Speaking to more people before forming an opinion is a line he uses a lot, as if he’s turned up without any of his own.
Does he support the Wheels campaign for a 130km/h limit on some sections of the Hume Highway, to reduce fatigue-related deaths?
“Personal responsibility does kick in a lot,” he says. “It really is about appropriate speeds, I’m certainly of a mind that the less time you spend on the road the less chance you’ve got of having fatigue, but I also wouldn’t want to see that going the other way and having people driving fatigued at higher speeds.

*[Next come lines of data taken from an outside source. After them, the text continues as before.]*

lemma exists_coarser_below_iff:
  "(\<exists>Q. coarser E V Sstar Q P0 \<and> perc Q < perc P0) \<longleftrightarrow>
     (\<exists>T\<subseteq>P0. 2 \<le> card T \<and> conn_set E V (\<Union>T) \<and> perc P0 < (score T - 1) / (real (card T) - 1))"
proof
  assume "\<exists>Q. coarser E V Sstar Q P0 \<and> perc Q < perc P0"
  then obtain Q where Q: "coarser E V Sstar Q P0" "perc Q < perc P0" by blast
  then have "(\<Sum>B\<in>Q. perc P0 * (real (card (merged_blocks B)) - 1))
      < (\<Sum>B\<in>Q. score (merged_blocks B) - weight B)"
    using percentile_coarser_iff(1) by (simp add: sum_distrib_left)
  then obtain B where "B \<in> Q"
    and gain: "perc P0 * (real (card (merged_blocks B)) - 1) < score (merged_blocks B) - weight B"
    using sum_less_sumD by blast
  note G = merged_blocks_of_coarser[OF Q(1) \<open>B \<in> Q\<close>]
  have "merged_blocks B \<noteq> {B}" using gain by auto
  then have "2 \<le> card (merged_blocks B)" using G(3) by blast
  then have "perc P0 < (score (merged_blocks B) - 1) / (real (card (merged_blocks B)) - 1)"
    using gain G(1) merge_threshold_iff(1)[of "merged_blocks B"] by simp
  then show "\<exists>T\<subseteq>P0. 2 \<le> card T \<and> conn_set E V (\<Union>T) \<and> perc P0 < (score T - 1) / (real (card T) - 1)"
    using G(1,2) \<open>2 \<le> card (merged_blocks B)\<close> by (intro exI[of _ "merged_blocks B"]) simp
next
  assume "\<exists>T\<subseteq>P0. 2 \<le> card T \<and> conn_set E V (\<Union>T) \<and> perc P0 < (score T - 1) / (real (card T) - 1)"
  then obtain T where T: "T \<subseteq> P0" "2 \<le> card T" "conn_set E V (\<Union>T)"
    "perc P0 < (score T - 1) / (real (card T) - 1)" by blast
  then have "perc (insert (\<Union>T) (P0 - T)) < perc P0"
    using merge_threshold_iff(1) percentile_merge_iff(1) by simp
  then show "\<exists>Q. coarser E V Sstar Q P0 \<and> perc Q < perc P0"
    using coarser_merge[OF valid_P0 T(1,3)] by blast
qed

lemma exists_coarser_above_iff:
  "(\<exists>Q. coarser E V Sstar Q P0 \<and> perc P0 < perc Q) \<longleftrightarrow>
     (\<exists>T\<subseteq>P0. 2 \<le> card T \<and> conn_set E V (\<Union>T) \<and> (score T - 1) / (real (card T) - 1) < perc P0)"
proof
  assume "\<exists>Q. coarser E V Sstar Q P0 \<and> perc P0 < perc Q"
  then obtain Q where Q: "coarser E V Sstar Q P0" "perc P0 < perc Q" by blast
  then have "(\<Sum>B\<in>Q. score (merged_blocks B) - weight B)
      < (\<Sum>B\<in>Q. perc P0 * (real (card (merged_blocks B)) - 1))"
    using percentile_coarser_iff(2) by (simp add: sum_distrib_left)
  then obtain B where "B \<in> Q"
    and loss: "score (merged_blocks B) - weight B < perc P0 * (real (card (merged_blocks B)) - 1)"
    using sum_less_sumD by blast
  note G = merged_blocks_of_coarser[OF Q(1) \<open>B \<in> Q\<close>]
  have "merged_blocks B \<noteq> {B}" using loss by auto
  then have "2 \<le> card (merged_blocks B)" using G(3) by blast
  then have "(score (merged_blocks B) - 1) / (real (card (merged_blocks B)) - 1) < perc P0"
    using loss G(1) merge_threshold_iff(2)[of "merged_blocks B"] by simp
  then show "\<exists>T\<subseteq>P0. 2 \<le> card T \<and> conn_set E V (\<Union>T) \<and> (score T - 1) / (real (card T) - 1) < perc P0"
    using G(1,2) \<open>2 \<le> card (merged_blocks B)\<close> by (intro exI[of _ "merged_blocks B"]) simp
next
  assume "\<exists>T\<subseteq>P0. 2 \<le> card T \<and> conn_set E V (\<Union>T) \<and> (score T - 1) / (real (card T) - 1) < perc P0"
  then obtain T where T: "T \<subseteq> P0" "2 \<le> card T" "conn_set E V (\<Union>T)"
    "(score T - 1) / (real (card T) - 1) < perc P0" by blast
  then have "perc P0 < perc (insert (\<Union>T) (P0 - T))"
    using merge_threshold_iff(2) percentile_merge_iff(2) by simp
  then show "\<exists>Q. coarser E V Sstar Q P0 \<and> perc P0 < perc Q"
    using coarser_merge[OF valid_P0 T(1,3)] by blast
qed

end

theorem lemma2p3:
  fixes V :: "'a set" and E :: "('a \<times> 'a) set" and \<mu> :: "'a set \<Rightarrow> real"
    and Sstar :: "'a set" and P0 :: "'a set set"
  assumes "finite V"
    and "E \<subseteq> V \<times> V" and "refl_on V E" and "sym E"
    and "\<forall>S. S \<subseteq> V \<longrightarrow> \<mu> S = (\<Sum>s\<in>S. \<mu> {s})"
    and "\<forall>S. S \<subseteq> V \<longrightarrow> \<mu> S \<ge> 0"
    and "\<forall>S. S \<subseteq> V \<longrightarrow> \<mu> S = 0 \<longrightarrow> S = {}"
    and "Sstar = {} \<or> conn_set E V Sstar"
    and "valid_partition E V Sstar P0"
  shows "((\<exists>Q. coarser E V Sstar Q P0 \<and> percentile \<mu> Sstar Q < percentile \<mu> Sstar P0) \<longleftrightarrow>
           (\<exists>T\<subseteq>P0. card T \<ge> 2 \<and> conn_set E V (\<Union>T) \<and>
              (real (card {B\<in>T. \<mu> B > \<mu> Sstar}) + 0.5 * real (card {B\<in>T. \<mu> B = \<mu> Sstar}) - 1)
                / (real (card T) - 1) > percentile \<mu> Sstar P0))
       \<and> ((\<exists>Q. coarser E V Sstar Q P0 \<and> percentile \<mu> Sstar Q > percentile \<mu> Sstar P0) \<longleftrightarrow>
           (\<exists>T\<subseteq>P0. card T \<ge> 2 \<and> conn_set E V (\<Union>T) \<and>
              (real (card {B\<in>T. \<mu> B > \<mu> Sstar}) + 0.5 * real (card {B\<in>T. \<mu> B = \<mu> Sstar}) - 1)
                / (real (card T) - 1) < percentile \<mu> Sstar P0))"
proof -
  interpret coarsening E V \<mu> Sstar P0
    using assms(1,5-7,9) by unfold_locales
  have "rank_score \<mu> (\<mu> Sstar) T =
      real (card {B\<in>T. \<mu> B > \<mu> Sstar}) + 0.5 * real (card {B\<in>T. \<mu> B = \<mu> Sstar})" if "T \<subseteq> P0" for T
    using rank_score_eq_card finite_subset[OF that finite_P0] by blast
  then show ?thesis
    using exists_coarser_below_iff exists_coarser_above_iff by (simp cong: conj_cong)
qed

end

“It is about balance and it’s a good topic at the moment, so I can’t wait to actually get some more facts and information surrounding it.”
A good topic at the moment. Excellent. So would you support a review of limits or not?
“If the roads are capable of it and there’s very limited chance of wildlife wandering on the roads and causing implications, it’s something that maybe we should be able to consider,” he responds.
It’s the same with driver training, which he’s in favour of, yet not sure how to go about – maybe in schools, maybe not. But “it’s good to start a conversation about it,” he says, actually sounding more like a politician by the minute.
“My son’s getting his learner’s now, and that shouldn’t be the extent of it; read a book, get in the car, pass a test, you’re on your own,” he says.
“Personally, I’ll be giving him as much education as I can, I’ll get him on a race track if he so desires, so he’s learning skill. But, um, I think… driver education for all ages really is important for just about everybody.”
After some cogitating, he also tells us that he’s in favour of people on L plates being able to drive at the posted limit, instead of lower speeds in some states, and would like to see it made national law.
Ricky couldn’t say what the three top-selling cars in Australia were last year – “A Territory, I reckon, there’s a lot of those around” – who won Bathurst or what the model designation for the new Commodore is, but he’s definitely a motoring enthusiast, with three cars (one of them a drag racer in pieces) and five dirt bikes. And he’s wise enough to know that he has a lot to learn.
“I’m still trying to be myself; there is a great degree of learning and I don’t believe it will ever stop, it is a massive, steep learning curve, there’s no doubt about that,” he says.
He also realises he didn’t do a lot of work on his public profile in the months leading up to his swearing in, refusing to speak to the media for months, but says that’s because he was busy down at mill, right up to a week before he started in Canberra. And not because he’s not good in interviews.
“Now that I’m here, the public perception is going to go whichever way it’s going to go and I might gain a bit of support,” he says.
And what about the Willesee debacle, when he bumbled through a high-profile interview?
“I do have a speech prepared about that and it’s: ‘there’s no point crying over spilt milk. I knew they had the footage, it turned out the way it did, so so be it. I’m happy to keep moving forward’.”
Moving forward? Was that a Kevin Rudd-ism he just dropped? Stone the crows, Australia, Ricky Muir will be your prime minister before you know it.